On the other hand, I, for one, am grateful to Dr. Zhang for removing herself from the 2016 glyphosate review panel so that she could conduct the kind of independent science that is so desperately needed to protect humans from capitalists who put their bottom lines ahead of our collective health. U.S. regulatory agencies need to correspond more with scientists who are not working for, or otherwise aligned with, the companies which make money by developing poisons (which is what pesticides were called until after WWII) to spray on our food crops.
In the meantime, while the safety of glyphosate is being debated in the courts, there are steps you can take to limit your exposure to it from the food you eat.

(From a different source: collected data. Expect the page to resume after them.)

(* Let $(S,\mathrm{dist})$ be a finite metric space with $\operatorname{diam}(S)=1$, partitioned as $S=S_+\cup S_-$, with margin $\gamma=\min_{x\in S_+,y\in S_-}\mathrm{dist}(x,y)\in(0,1)$. Let $N_0\subset S$ be a $\gamma$-net of $S$. Run the following pruning procedure on a set $N$ initialized to $N_0$: for $i=0,-1,-2,\dots,\lceil\log_2\gamma\rceil$ (in this order), and for each point $p$ that is in the current set $N$ (processed one at a time), if the distance from $p$ to every point of $N$ with label opposite to that of $p$ is at least $2\cdot 2^i$ (vacuously true if there is no such point), then remove from $N$ every point $q\neq p$ with $\mathrm{dist}(p,q)<2^i-\gamma$. Then the final set $N$ is consistent with $S$.
   Context: A $\gamma$-net of $S$ is a subset $N_0\subset S$ whose distinct points are pairwise at distance $\ge\gamma$ and such that every point of $S$ is at distance strictly less than $\gamma$ from some point of $N_0$. A subset $S'\subset S$ is consistent with $S$ if for every $p\in S$, every nearest neighbor of $p$ in $S'$ belongs to the same class ($S_+$ or $S_-$) as $p$. *)

theory Defs
  imports "HOL-Analysis.Analysis"
begin

definition is_net :: "real \<Rightarrow> 'a::metric_space set \<Rightarrow> 'a set \<Rightarrow> bool" where
  "is_net \<gamma> S N0 \<longleftrightarrow> N0 \<subseteq> S
     \<and> (\<forall>x\<in>N0. \<forall>y\<in>N0. x \<noteq> y \<longrightarrow> dist x y \<ge> \<gamma>)
     \<and> (\<forall>p\<in>S. \<exists>x\<in>N0. dist p x < \<gamma>)"

definition nearest_neighbor :: "'a::metric_space set \<Rightarrow> 'a \<Rightarrow> 'a \<Rightarrow> bool" where
  "nearest_neighbor S' p q \<longleftrightarrow> q \<in> S' \<and> (\<forall>q'\<in>S'. dist p q \<le> dist p q')"

definition consistent :: "'a::metric_space set \<Rightarrow> 'a set \<Rightarrow> 'a set \<Rightarrow> bool" where
  "consistent Sp Sm S' \<longleftrightarrow>
     (\<forall>p\<in>Sp \<union> Sm. \<forall>q. nearest_neighbor S' p q \<longrightarrow>
        ((p \<in> Sp \<and> q \<in> Sp) \<or> (p \<in> Sm \<and> q \<in> Sm)))"

definition opposite :: "'a set \<Rightarrow> 'a set \<Rightarrow> 'a \<Rightarrow> 'a set" where
  "opposite Sp Sm p = (if p \<in> Sp then Sm else Sp)"

definition process_point :: "real \<Rightarrow> 'a::metric_space set \<Rightarrow> 'a set \<Rightarrow> int \<Rightarrow> 'a set \<Rightarrow> 'a \<Rightarrow> 'a set" where
  "process_point \<gamma> Sp Sm i N p =
     (if p \<in> N \<and> (\<forall>q\<in>N \<inter> opposite Sp Sm p. dist p q \<ge> 2 * 2 powr (real_of_int i))
      then N - {q. q \<noteq> p \<and> dist p q < 2 powr (real_of_int i) - \<gamma>}
      else N)"

definition prune_round :: "real \<Rightarrow> 'a::metric_space set \<Rightarrow> 'a set \<Rightarrow> int \<Rightarrow> 'a list \<Rightarrow> 'a set \<Rightarrow> 'a set" where
  "prune_round \<gamma> Sp Sm i ps N = foldl (process_point \<gamma> Sp Sm i) N ps"

text \<open>pruning_run \<gamma> Sp Sm c i N N': starting with N at round i, running rounds
  i, i-1, ..., c (for arbitrary processing orders of the points present at the
  start of each round) can end with N'.\<close>
inductive pruning_run :: "real \<Rightarrow> 'a::metric_space set \<Rightarrow> 'a set \<Rightarrow> int \<Rightarrow> int \<Rightarrow> 'a set \<Rightarrow> 'a set \<Rightarrow> bool"
  for \<gamma> Sp Sm c where
  stop: "i < c \<Longrightarrow> pruning_run \<gamma> Sp Sm c i N N"
| step: "\<lbrakk>c \<le> i; distinct ps; set ps = N;
          pruning_run \<gamma> Sp Sm c (i - 1) (prune_round \<gamma> Sp Sm i ps N) N'\<rbrakk>
         \<Longrightarrow> pruning_run \<gamma> Sp Sm c i N N'"

end

theory Submission
  imports Defs
begin

(* A point x of the initial net N0 that has been pruned is "guarded" by a
   surviving point p of the same label and a radius r: x lies within r - \<gamma> of p, every
   surviving point of the opposite label is at distance \<ge> 2r from p, and every other
   surviving point is at distance \<ge> r - \<gamma> from p.  The invariant of the procedure is that
   the current set N is contained in N0 and every point of N0 \<setminus> N is guarded by a radius
   at least the current scale R = 2^i.  Pruning around p in round i guards the points it
   removes by p itself with radius 2^i, and it never removes an existing guard, since a
   guard with radius r \<ge> 2^i is at distance \<ge> r - \<gamma> \<ge> 2^i - \<gamma> from all other survivors.
   Consistency then follows from the invariant alone: a point s of S has a net point x of
   its own label within \<gamma>; if x survived, it beats every point of the opposite label
   (which is at distance \<ge> \<gamma> by the margin), and otherwise its guard p is within r of s
   while opposite-labelled survivors are at distance \<ge> 2r from p, hence \<ge> r from s. *)

definition guarded_by :: "real \<Rightarrow> 'a::metric_space set \<Rightarrow> 'a set \<Rightarrow> real \<Rightarrow> 'a set \<Rightarrow> 'a \<Rightarrow> 'a \<Rightarrow> real \<Rightarrow> bool" where
  "guarded_by \<gamma> Sp Sm R N x p r \<longleftrightarrow> p \<in> N \<and> R \<le> r \<and> dist p x < r - \<gamma> \<and> (p \<in> Sp \<longleftrightarrow> x \<in> Sp)
     \<and> (\<forall>q\<in>N \<inter> opposite Sp Sm p. 2 * r \<le> dist p q)
     \<and> (\<forall>q\<in>N. q \<noteq> p \<longrightarrow> r - \<gamma> \<le> dist p q)"

definition prune_invariant :: "real \<Rightarrow> 'a::metric_space set \<Rightarrow> 'a set \<Rightarrow> 'a set \<Rightarrow> real \<Rightarrow> 'a set \<Rightarrow> bool" where
  "prune_invariant \<gamma> Sp Sm N0 R N \<longleftrightarrow>
     N \<subseteq> N0 \<and> (\<forall>x\<in>N0. x \<in> N \<or> (\<exists>p r. guarded_by \<gamma> Sp Sm R N x p r))"

lemma prune_invariant_smaller_scale:
  assumes "R' \<le> R" "prune_invariant \<gamma> Sp Sm N0 R N"
  shows "prune_invariant \<gamma> Sp Sm N0 R' N"
proof -
  have "guarded_by \<gamma> Sp Sm R' N x p r" if "guarded_by \<gamma> Sp Sm R N x p r" for x p r
    using that assms(1) unfolding guarded_by_def by simp
  with assms(2) show ?thesis unfolding prune_invariant_def by blast
qed

lemma guarded_by_subset:
  "guarded_by \<gamma> Sp Sm R N x p r \<Longrightarrow> N' \<subseteq> N \<Longrightarrow> p \<in> N' \<Longrightarrow> guarded_by \<gamma> Sp Sm R N' x p r"
  unfolding guarded_by_def by blast

lemma process_point_subset: "process_point \<gamma> Sp Sm i N p \<subseteq> N"
  unfolding process_point_def by auto

text \<open>A point removed while processing p is guarded by p with radius 2^i: it lies within
  2^i - \<gamma> of p, so it cannot carry the opposite label (those are \<ge> 2 \<cdot> 2^i away).\<close>
lemma removed_point_guarded:
  assumes x: "x \<in> N - process_point \<gamma> Sp Sm i N p" "x \<in> Sp \<union> Sm" and "0 \<le> \<gamma>"
  shows "guarded_by \<gamma> Sp Sm (2 powr i) (process_point \<gamma> Sp Sm i N p) x p (2 powr i)"
proof -
  define R where "R = 2 powr real_of_int i"
  have qual: "p \<in> N" "\<forall>q\<in>N \<inter> opposite Sp Sm p. 2 * R \<le> dist p q"
    and N': "process_point \<gamma> Sp Sm i N p = N - {q. q \<noteq> p \<and> dist p q < R - \<gamma>}"
    using x(1) unfolding process_point_def R_def by (auto split: if_splits)
  have close: "x \<noteq> p" "dist p x < R - \<gamma>" using x(1) unfolding N' by auto
  have "p \<in> Sp \<longleftrightarrow> x \<in> Sp"
  proof (rule ccontr)
    assume "\<not> (p \<in> Sp \<longleftrightarrow> x \<in> Sp)"
    with x(2) have "x \<in> opposite Sp Sm p" unfolding opposite_def by auto
    with qual x(1) have "2 * R \<le> dist p x" by blast
    moreover have "R > 0" unfolding R_def by simp
    ultimately show False using close \<open>0 \<le> \<gamma>\<close> by linarith
  qed
  with qual close show ?thesis
    unfolding guarded_by_def N' R_def[symmetric] by auto
qed

lemma guard_survives_processing:
  assumes "guarded_by \<gamma> Sp Sm (2 powr i) N x p0 r"
  shows "guarded_by \<gamma> Sp Sm (2 powr i) (process_point \<gamma> Sp Sm i N p) x p0 r"
proof -
  have "p0 \<in> process_point \<gamma> Sp Sm i N p"
  proof (rule ccontr)
    assume "p0 \<notin> process_point \<gamma> Sp Sm i N p"
    with assms have "p \<in> N" "p0 \<noteq> p" "dist p p0 < 2 powr i - \<gamma>"
      unfolding guarded_by_def process_point_def by (auto split: if_splits)
    with assms show False unfolding guarded_by_def by (auto simp: dist_commute)
  qed
  with assms process_point_subset show ?thesis by (rule guarded_by_subset)
qed

lemma prune_invariant_process:
  assumes inv: "prune_invariant \<gamma> Sp Sm N0 (2 powr i) N" and "0 \<le> \<gamma>" and N0: "N0 \<subseteq> Sp \<union> Sm"
  shows "prune_invariant \<gamma> Sp Sm N0 (2 powr i) (process_point \<gamma> Sp Sm i N p)"
  unfolding prune_invariant_def
proof (intro conjI ballI)
  show "process_point \<gamma> Sp Sm i N p \<subseteq> N0"
    using inv process_point_subset unfolding prune_invariant_def by blast
next
  fix x assume x: "x \<in> N0"
  show "x \<in> process_point \<gamma> Sp Sm i N p
    \<or> (\<exists>p' r. guarded_by \<gamma> Sp Sm (2 powr i) (process_point \<gamma> Sp Sm i N p) x p' r)"
  proof (cases "x \<in> N")
    case True
    with x N0 removed_point_guarded[of x N \<gamma> Sp Sm i p] \<open>0 \<le> \<gamma>\<close> show ?thesis by blast
  next
    case False
    with inv x obtain p0 r where "guarded_by \<gamma> Sp Sm (2 powr i) N x p0 r"
      unfolding prune_invariant_def by blast
    then show ?thesis using guard_survives_processing by blast
  qed
qed

lemma prune_invariant_round:
  assumes "prune_invariant \<gamma> Sp Sm N0 (2 powr i) N" "0 \<le> \<gamma>" "N0 \<subseteq> Sp \<union> Sm"
  shows "prune_invariant \<gamma> Sp Sm N0 (2 powr i) (prune_round \<gamma> Sp Sm i ps N)"
  using assms(1) unfolding prune_round_def
proof (induction ps arbitrary: N)
  case (Cons p ps)
  then show ?case using prune_invariant_process[OF _ assms(2,3)] by simp
qed simp

lemma prune_invariant_run:
  assumes "pruning_run \<gamma> Sp Sm c i N N'" "prune_invariant \<gamma> Sp Sm N0 (2 powr i) N"
    and "0 \<le> \<gamma>" "N0 \<subseteq> Sp \<union> Sm"
  shows "\<exists>R. prune_invariant \<gamma> Sp Sm N0 R N'"
  using assms(1,2)
proof (induction rule: pruning_run.induct)
  case (step i ps N N')
  have "prune_invariant \<gamma> Sp Sm N0 (2 powr i) (prune_round \<gamma> Sp Sm i ps N)"
    using prune_invariant_round[OF step.prems assms(3,4)] .
  moreover have "2 powr real_of_int (i - 1) \<le> 2 powr real_of_int i" by simp
  ultimately show ?case using step.IH prune_invariant_smaller_scale by blast
qed blast

lemma prune_invariant_consistent:
  assumes inv: "prune_invariant \<gamma> Sp Sm N0 R N"
    and N0: "N0 \<subseteq> Sp \<union> Sm" and cover: "\<forall>s\<in>Sp \<union> Sm. \<exists>x\<in>N0. dist s x < \<gamma>"
    and margin: "\<And>a b. a \<in> Sp \<Longrightarrow> b \<in> Sm \<Longrightarrow> \<gamma> \<le> dist a b"
    and disj: "Sp \<inter> Sm = {}"
  shows "consistent Sp Sm N"
  unfolding consistent_def
proof (intro ballI allI impI)
  fix s q assume s: "s \<in> Sp \<union> Sm" and "nearest_neighbor N s q"
  then have qN: "q \<in> N" and nearest: "\<And>q'. q' \<in> N \<Longrightarrow> dist s q \<le> dist s q'"
    unfolding nearest_neighbor_def by auto
  have qS: "q \<in> Sp \<union> Sm" using qN inv N0 unfolding prune_invariant_def by blast
  have separated: "\<gamma> \<le> dist a b" if "a \<in> Sp \<union> Sm" "b \<in> Sp \<union> Sm" "a \<in> Sp \<longleftrightarrow> b \<notin> Sp" for a b
    using that margin[of a b] margin[of b a] by (auto simp: dist_commute)
  show "(s \<in> Sp \<and> q \<in> Sp) \<or> (s \<in> Sm \<and> q \<in> Sm)"
  proof (rule ccontr)
    assume bad: "\<not> ((s \<in> Sp \<and> q \<in> Sp) \<or> (s \<in> Sm \<and> q \<in> Sm))"
    with s qS have sq: "\<gamma> \<le> dist s q" by (intro separated) auto
    obtain x where x: "x \<in> N0" "dist s x < \<gamma>" using cover s by blast
    with N0 s separated[of s x] have xlab: "x \<in> Sp \<longleftrightarrow> s \<in> Sp" by force
    from inv x(1) consider "x \<in> N" | p r where "guarded_by \<gamma> Sp Sm R N x p r"
      unfolding prune_invariant_def by blast
    then show False
    proof cases
      case 1
      then have "dist s q \<le> dist s x" by (rule nearest)
      with x(2) sq show False by linarith
    next
      case 2
      then have pN: "p \<in> N" and px: "dist p x < r - \<gamma>" and plab: "p \<in> Sp \<longleftrightarrow> x \<in> Sp"
        and far: "\<forall>q\<in>N \<inter> opposite Sp Sm p. 2 * r \<le> dist p q"
        unfolding guarded_by_def by auto
      have "q \<in> opposite Sp Sm p"
        using bad plab xlab qS s disj unfolding opposite_def by auto
      with far qN have "2 * r \<le> dist p q" by blast
      moreover have "dist s p < r"
        using dist_triangle[of s p x] px x(2) by (simp add: dist_commute)
      moreover have "dist s q \<le> dist s p" using nearest pN .
      moreover have "dist p q \<le> dist p s + dist s q" by (rule dist_triangle)
      ultimately show False by (simp add: dist_commute)
    qed
  qed
qed

lemma margin_le_dist:
  assumes "finite (Sp \<union> Sm)" "a \<in> Sp" "b \<in> Sm"
  shows "Min {dist x y | x y. x \<in> Sp \<and> y \<in> Sm} \<le> dist a b"
proof (rule Min_le)
  have "{dist x y | x y. x \<in> Sp \<and> y \<in> Sm} = (\<lambda>(x, y). dist x y) ` (Sp \<times> Sm)" by auto
  then show "finite {dist x y | x y. x \<in> Sp \<and> y \<in> Sm}" using assms(1) by simp
qed (use assms in blast)

theorem lemma1:
  fixes S Sp Sm N0 N :: "'a::metric_space set" and \<gamma> :: real
  assumes "finite S"
    and "diameter S = 1"
    and "S = Sp \<union> Sm" and "Sp \<inter> Sm = {}"
    and "Sp \<noteq> {}" and "Sm \<noteq> {}"
    and "\<gamma> = Min {dist x y | x y. x \<in> Sp \<and> y \<in> Sm}"
    and "0 < \<gamma>" and "\<gamma> < 1"
    and "is_net \<gamma> S N0"
    and "pruning_run \<gamma> Sp Sm \<lceil>log 2 \<gamma>\<rceil> 0 N0 N"
  shows "consistent Sp Sm N"
proof -
  have N0: "N0 \<subseteq> Sp \<union> Sm" and cover: "\<forall>s\<in>Sp \<union> Sm. \<exists>x\<in>N0. dist s x < \<gamma>"
    using assms(3,10) unfolding is_net_def by auto
  have "prune_invariant \<gamma> Sp Sm N0 (2 powr real_of_int 0) N0"
    unfolding prune_invariant_def by blast
  then obtain R where "prune_invariant \<gamma> Sp Sm N0 R N"
    using prune_invariant_run[OF assms(11) _ _ N0] assms(8) by auto
  then show ?thesis
  proof (rule prune_invariant_consistent[OF _ N0 cover _ assms(4)])
    show "\<gamma> \<le> dist a b" if "a \<in> Sp" "b \<in> Sm" for a b
      using margin_le_dist[of Sp Sm a b] that assms(1,3,7) by simp
  qed
qed

end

Traditional crops die if glyphosate is applied to them, but crops genetically engineered (GE) to tolerate glyphosate do not. So avoiding GE fruits, vegetables and grains (AKA GMOs) should reduce your intake of glyphosate.
However, some non-GMO crops, like wheat and oats, are now sprayed with glyphosate just prior to harvest to speed up their desiccation–and the regulatory agencies have responded to this new farming practice by increasing the legally permissible levels of glyphosate residues on those crops (see Zhang et al. and references therein for more information on exposure to glyphosate). Consequently, the best way to avoid glyphosate in these crops is to buy products from crops that have been organically grown; glyphosate use is not allowed in organic farming per the current USDA organic standards.